Our story

Growing up in the Piedmont region of North Carolina, I spent many happy hours tromping through the local woods. I remember rescuing wildflowers just ahead of the bulldozers and getting excited when I found new or unique plant form. Even at a young age, I was amazed by the diversity that existed within a single species. I decided that I was going to open a plant nursery and share these plants with the world.

When I attended NC State University to study horticulture, most of the students and professors there were focused on the common plants that were already found in the trade instead of looking at introducing new plants to the market. The notable exception was the late Dr. J.C. Raulston, who showed up on the scene with the modus operandi of “let’s try growing everything we can get our hands on that no one has tried before”. J.C. was the motivation that I and several other students needed to realize that our ideas had merit.

It is hard to understand the depth of Dr. J.C. Raulston’s impact on ornamental horticulture and the nursery industry unless one knows how little there was before J.C.’s time. The nursery industry pre-J.C. offered a moribund selection of serviceable but dull shrubs such as Japanese holly, common evergreen azaleas, Pfitzer junipers and boxwood. The Triangle area of North Carolina wouldn’t be the horticultural hotbed that it is now if J.C. didn’t light the fire that started it all. Tragically, J.C. died in a car accident in 1996 at age 56.

In 1986, my late wife Michelle and I felt ready to pursue careers in the nursery industry. We acquired a 2.2-acre abandoned tobacco field in Southern Wake County, complete with a newly built starter house. We had to choose a niche for our business and Dr. J.C. Raulston was very supportive of my idea to open a specialty plant nursery. Our founding principle was to offer a large diversity of unique and rare perennial plants best suited for growing in Noth American climate. That meant the conventional route of ordering liners from large commercial growers was not an option for us. So we started propagating small quantities of each plant and slowly increased production as our facilities grew.

True to my young self, I was interested not only in selling these plants but also in growing and learning about them firsthand. That’s how Juniper Level Botanic Garden was born. We used JLBG to showcase the plants we sold as well as to propagate them, and eventually to serve as one of the most extensive ex-situ plant conservation gardens in the world.

Today Plant Delights Nursery offers over a thousand new, rare, unique, and unusual perennials online.

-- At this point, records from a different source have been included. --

lemma lin_add [simp]:
  assumes "finite_support T" "finite_support U"
  shows "lin F (T + U) = lin F T + lin F U"
proof
  fix p
  let ?S = "{s. T s \<noteq> 0} \<union> {s. U s \<noteq> 0}"
  have S: "finite ?S" using assms by (simp add: finite_support_def)
  have "lin F (T + U) p = (\<Sum>s\<in>?S. T s * F s p) + (\<Sum>s\<in>?S. U s * F s p)"
    by (subst lin_eq_sum_superset[OF S]) (auto simp: distrib_right sum.distrib)
  also have "\<dots> = lin F T p + lin F U p"
    by (subst (1 2) lin_eq_sum_superset[OF S]) auto
  finally show "lin F (T + U) p = (lin F T + lin F U) p" by simp
qed

lemma lin_scal [simp]: "finite_support T \<Longrightarrow> lin F (scal c T) = scal c (lin F T)"
proof
  fix p assume "finite_support T"
  then have S: "finite {s. T s \<noteq> 0}" by (simp add: finite_support_def)
  have "lin F (scal c T) p = (\<Sum>s | T s \<noteq> 0. c * T s * F s p)"
    by (subst lin_eq_sum_superset[OF S]) (auto simp: scal_def)
  also have "\<dots> = scal c (lin F T) p"
    by (simp add: lin_def scal_def sum_distrib_left mult.assoc)
  finally show "lin F (scal c T) p = scal c (lin F T) p" .
qed

lemma tp_scal_left [simp]: "tp (scal c u) w = scal c (tp u w)"
  by (auto simp: tp_def scal_def mult.assoc)

lemma tp_scal_right [simp]: "tp u (scal c w) = scal c (tp u w)"
  by (auto simp: tp_def scal_def mult.left_commute)

lemma tp_bas [simp]: "tp (bas x) (bas y) = bas (x, y)"
  by (auto simp: tp_def bas_def)

lemma tp_zero_left [simp]: "tp 0 w = 0"
  by (auto simp: tp_def)

lemma tp_zero_right [simp]: "tp u 0 = 0"
  by (auto simp: tp_def)

lemma scal_add [simp]: "scal c (T + U) = scal c T + scal c U"
  by (auto simp: scal_def distrib_left)

lemma scal_scal [simp]: "scal c (scal d T) = scal (c * d) T"
  by (auto simp: scal_def mult.assoc)

lemma scal_one [simp]: "scal 1 T = T"
  by (auto simp: scal_def)

lemma scal_apply: "scal c T x = c * T x"
  by (simp add: scal_def)

lemma bas_apply: "bas x y = (if y = x then 1 else 0)"
  by (simp add: bas_def)

lemmas action_defs = DeltaE_def DeltaF_def eop_def fop_def pair_def hcor_def Zsum_def zshift_def
lemmas coefficient_simps = Cvec_def tb_def bas_apply scal_apply qq_nonzero power_int_minus
  qint_1 qint_2 qint_3 qint_4

lemma DeltaF1_Cvec_00: "lin (DeltaF 1) (Cvec 0 0) = Cvec 0 1"
  by (rule ext) (simp add: action_defs coefficient_simps field_simps eval_nat_numeral)

lemma DeltaF1_Cvec_01: "lin (DeltaF 1) (Cvec 0 1) = scal (qint 2) (Cvec 0 2)"
  by (rule ext) (simp add: action_defs coefficient_simps field_simps eval_nat_numeral)

lemma DeltaF1_Cvec_02: "lin (DeltaF 1) (Cvec 0 2) = scal (qint 3) (Cvec 1 2)"
  by (rule ext) (simp add: action_defs coefficient_simps field_simps eval_nat_numeral)

lemma DeltaF1_Cvec_12: "lin (DeltaF 1) (Cvec 1 2) = scal (qint 4) (Cvec 2 2)"
  by (rule ext) (simp add: action_defs coefficient_simps field_simps eval_nat_numeral)

lemma DeltaE0_Cvec_00: "lin (DeltaE 0) (Cvec 0 0) = Cvec 1 0"
  by (rule ext) (simp add: action_defs coefficient_simps field_simps eval_nat_numeral)

lemma DeltaE0_Cvec_10: "lin (DeltaE 0) (Cvec 1 0) = scal (qint 2) (Cvec 2 0)"
  by (rule ext) (simp add: action_defs coefficient_simps field_simps eval_nat_numeral)

lemma DeltaE0_Cvec_01: "lin (DeltaE 0) (Cvec 0 1) = Cvec 1 1"
  by (rule ext) (simp add: action_defs coefficient_simps field_simps eval_nat_numeral)

lemma DeltaF1_Cvec_11:
  "lin (DeltaF 1) (Cvec 1 1) = scal (qint 2) (Cvec 2 1) + scal (qint 2) (lin Zsum (Cvec 1 2))"
  by (rule ext) (simp add: action_defs coefficient_simps field_simps eval_nat_numeral)

lemma N_scal_cancel: "scal c T \<in> N \<Longrightarrow> c \<noteq> 0 \<Longrightarrow> T \<in> N"
  using N.smul[of "scal c T" "inverse c"] by simp

lemma N_diff:
  assumes "T \<in> N" "U \<in> N" shows "T - U \<in> N"
proof -
  have "T + scal (- 1) U \<in> N" using assms by (intro N.add N.smul)
  moreover have "T + scal (- 1) U = T - U" by (simp add: scal_def fun_eq_iff)
  ultimately show ?thesis by simp
qed

lemma Cvec_in_N:
  assumes "i \<in> J" "j \<in> J"
  shows "Cvec i j \<in> N"
proof -
  have q2: "qint 2 \<noteq> 0" and q3: "qint 3 \<noteq> 0" and q4: "qint 4 \<noteq> 0"
    using qint_nonzero[of 2] qint_nonzero[of 3] qint_nonzero[of 4] by simp_all
  have C00: "Cvec 0 0 \<in> N"
    using N.gen by (simp add: Cvec_def tb_def)
  have C01: "Cvec 0 1 \<in> N"
    using N.f[OF C00, of 1] unfolding DeltaF1_Cvec_00 by simp
  have C02: "Cvec 0 2 \<in> N"
    using N.f[OF C01, of 1] q2 unfolding DeltaF1_Cvec_01 by (simp add: N_scal_cancel)
  have C12: "Cvec 1 2 \<in> N"
    using N.f[OF C02, of 1] q3 unfolding DeltaF1_Cvec_02 by (simp add: N_scal_cancel)
  have C22: "Cvec 2 2 \<in> N"
    using N.f[OF C12, of 1] q4 unfolding DeltaF1_Cvec_12 by (simp add: N_scal_cancel)
  have C10: "Cvec 1 0 \<in> N"
    using N.e[OF C00, of 0] unfolding DeltaE0_Cvec_00 by simp
  have C20: "Cvec 2 0 \<in> N"
    using N.e[OF C10, of 0] q2 unfolding DeltaE0_Cvec_10 by (simp add: N_scal_cancel)
  have C11: "Cvec 1 1 \<in> N"
    using N.e[OF C01, of 0] unfolding DeltaE0_Cvec_01 by simp
  have "Cvec 2 1 + lin Zsum (Cvec 1 2) \<in> N"
    using N.f[OF C11, of 1] q2 unfolding DeltaF1_Cvec_11 by (simp add: N_scal_cancel flip: scal_add)
  from N_diff[OF this N.zsum[OF C12]] have C21: "Cvec 2 1 \<in> N"
    by simp
  show ?thesis
    using assms C00 C01 C02 C10 C11 C12 C20 C21 C22 by (auto simp: J_def)
qed

lemma zero_in_qZq [simp]: "0 \<in> qZq"
  unfolding qZq_def by (auto intro!: exI[of _ 0] simp: Zero_fract_def)

lemma qZq_add:
  assumes "x \<in> qZq" "y \<in> qZq" shows "x + y \<in> qZq"
proof -
  from assms obtain p r where "x = Fract p 1" "y = Fract r 1"
    "\<forall>n. coeff p n \<in> \<int>" "\<forall>n. coeff r n \<in> \<int>" "coeff p 0 = 0" "coeff r 0 = 0"
    unfolding qZq_def by blast
  then show ?thesis
    unfolding qZq_def by (auto intro!: exI[of _ "p + r"])
qed

lemma uminus_qq_power_in_qZq: "n > 0 \<Longrightarrow> - (qq ^ n) \<in> qZq"
  unfolding qZq_def by (auto simp: qq_power intro!: exI[of _ "- monom 1 n"])

lemma sum_scal_bas_apply:
  "finite S \<Longrightarrow> (\<Sum>p\<in>S. scal (a p) (bas p)) x = (if x \<in> S then a x else 0)"
  by (induction S rule: finite_induct) (auto simp: scal_apply bas_apply)

lemma eq_bas_minus_sum_scal_bas:
  assumes "finite B" "x0 \<notin> B" "T x0 = 1" "\<And>x. T x \<noteq> 0 \<Longrightarrow> x = x0 \<or> x \<in> B"
  shows "T = bas x0 - (\<Sum>p\<in>B. scal (- T p) (bas p))"
proof
  fix x
  show "T x = (bas x0 - (\<Sum>p\<in>B. scal (- T p) (bas p))) x"
    using assms by (cases "T x = 0") (auto simp: sum_scal_bas_apply bas_apply)
qed

lemma H_leading_zero: "H ((hh i j, i), (0, j)) = 0"
  by (simp add: hh_def H_def)

lemma leading_notin_Bset: "((hh i j, i), (0, j)) \<notin> Bset i j"
  by (simp add: Bset_def H_leading_zero)

lemma finite_Bset: "finite (Bset i j)"
proof -
  let ?A = "{- int j .. hh i j + 1} \<times> J"
  have "Bset i j \<subseteq> ?A \<times> ?A"
    by (auto simp: Bset_def Baff_def J_def l_def)
  then show ?thesis
    by (rule finite_subset) (simp add: J_def)
qed

lemma Cvec_leading:
  assumes "i \<in> J" "j \<in> J"
  shows "Cvec i j ((hh i j, i), (0, j)) = 1"
  using assms unfolding J_def
  by (elim insertE emptyE) (auto simp: hh_def H_def Cvec_def tb_def bas_apply scal_apply)

lemma Cvec_support:
  assumes "i \<in> J" "j \<in> J" "Cvec i j x \<noteq> 0"
  shows "x = ((hh i j, i), (0, j)) \<or> x \<in> Bset i j"
  using assms unfolding J_def
  by (elim insertE emptyE)
    (auto simp: hh_def H_def Cvec_def tb_def bas_apply scal_apply Bset_def Baff_def J_def l_def
      split: if_splits)

lemma Cvec_coeff_in_qZq:
  assumes "i \<in> J" "j \<in> J" "x \<noteq> ((hh i j, i), (0, j))"
  shows "- Cvec i j x \<in> qZq"
proof -
  have "- (qq ^ 3) + - (qq ^ 1) \<in> qZq"
    by (intro qZq_add uminus_qq_power_in_qZq) simp_all
  moreover have "- (qq ^ 3) + - (qq ^ 1) = - (qq ^ 2 * qint 2)"
    using qq_nonzero by (simp add: qint_2 field_simps power2_eq_square power3_eq_cube)
  ultimately have "- (qq ^ 2 * qint 2) \<in> qZq"
    by simp
  moreover have "- qq \<in> qZq" "- (qq ^ 2) \<in> qZq" "- (qq ^ 4) \<in> qZq"
    using uminus_qq_power_in_qZq[of 1] uminus_qq_power_in_qZq[of 2] uminus_qq_power_in_qZq[of 4]
    by simp_all
  ultimately show ?thesis
    using assms unfolding J_def
    by (elim insertE emptyE) (auto simp: hh_def H_def Cvec_def tb_def bas_apply scal_apply)
qed

theorem mainTheorem1:
  shows "\<forall>i\<in>J. \<forall>j\<in>J.
     Cvec i j \<in> N \<and>
     (\<exists>a :: bvec \<times> bvec \<Rightarrow> K. (\<forall>p\<in>Bset i j. a p \<in> qZq) \<and>
        Cvec i j = bas ((hh i j, i), (0, j)) - (\<Sum>p\<in>Bset i j. scal (a p) (bas p))) \<and>
     H ((hh i j, i), (0, j)) = 0"
proof (intro ballI conjI)
  fix i j assume ij: "i \<in> J" "j \<in> J"
  show "Cvec i j \<in> N"
    using ij by (rule Cvec_in_N)
  show "H ((hh i j, i), (0, j)) = 0"
    by (rule H_leading_zero)
  show "\<exists>a. (\<forall>p\<in>Bset i j. a p \<in> qZq) \<and>
      Cvec i j = bas ((hh i j, i), (0, j)) - (\<Sum>p\<in>Bset i j. scal (a p) (bas p))"
  proof (intro exI conjI ballI)
    fix p assume "p \<in> Bset i j"
    then show "- Cvec i j p \<in> qZq"
      using ij leading_notin_Bset by (metis Cvec_coeff_in_qZq)
  next
    show "Cvec i j = bas ((hh i j, i), (0, j)) - (\<Sum>p\<in>Bset i j. scal (- Cvec i j p) (bas p))"
      using ij by (intro eq_bas_minus_sum_scal_bas finite_Bset leading_notin_Bset Cvec_leading
          Cvec_support)
  qed
qed

end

Every year we introduce brand new plants to horticulture, with over 1,400 introduced so far. We ship domestically and internationally and have loyal customers all over the world. Four times a year we open our nursery and garden to the public, so that gardeners can see the beautiful results of planting for diversity and feel inspired to think differently about their own gardens. Welcome to Plant Delights Nursery and Juniper Level Botanic Garden.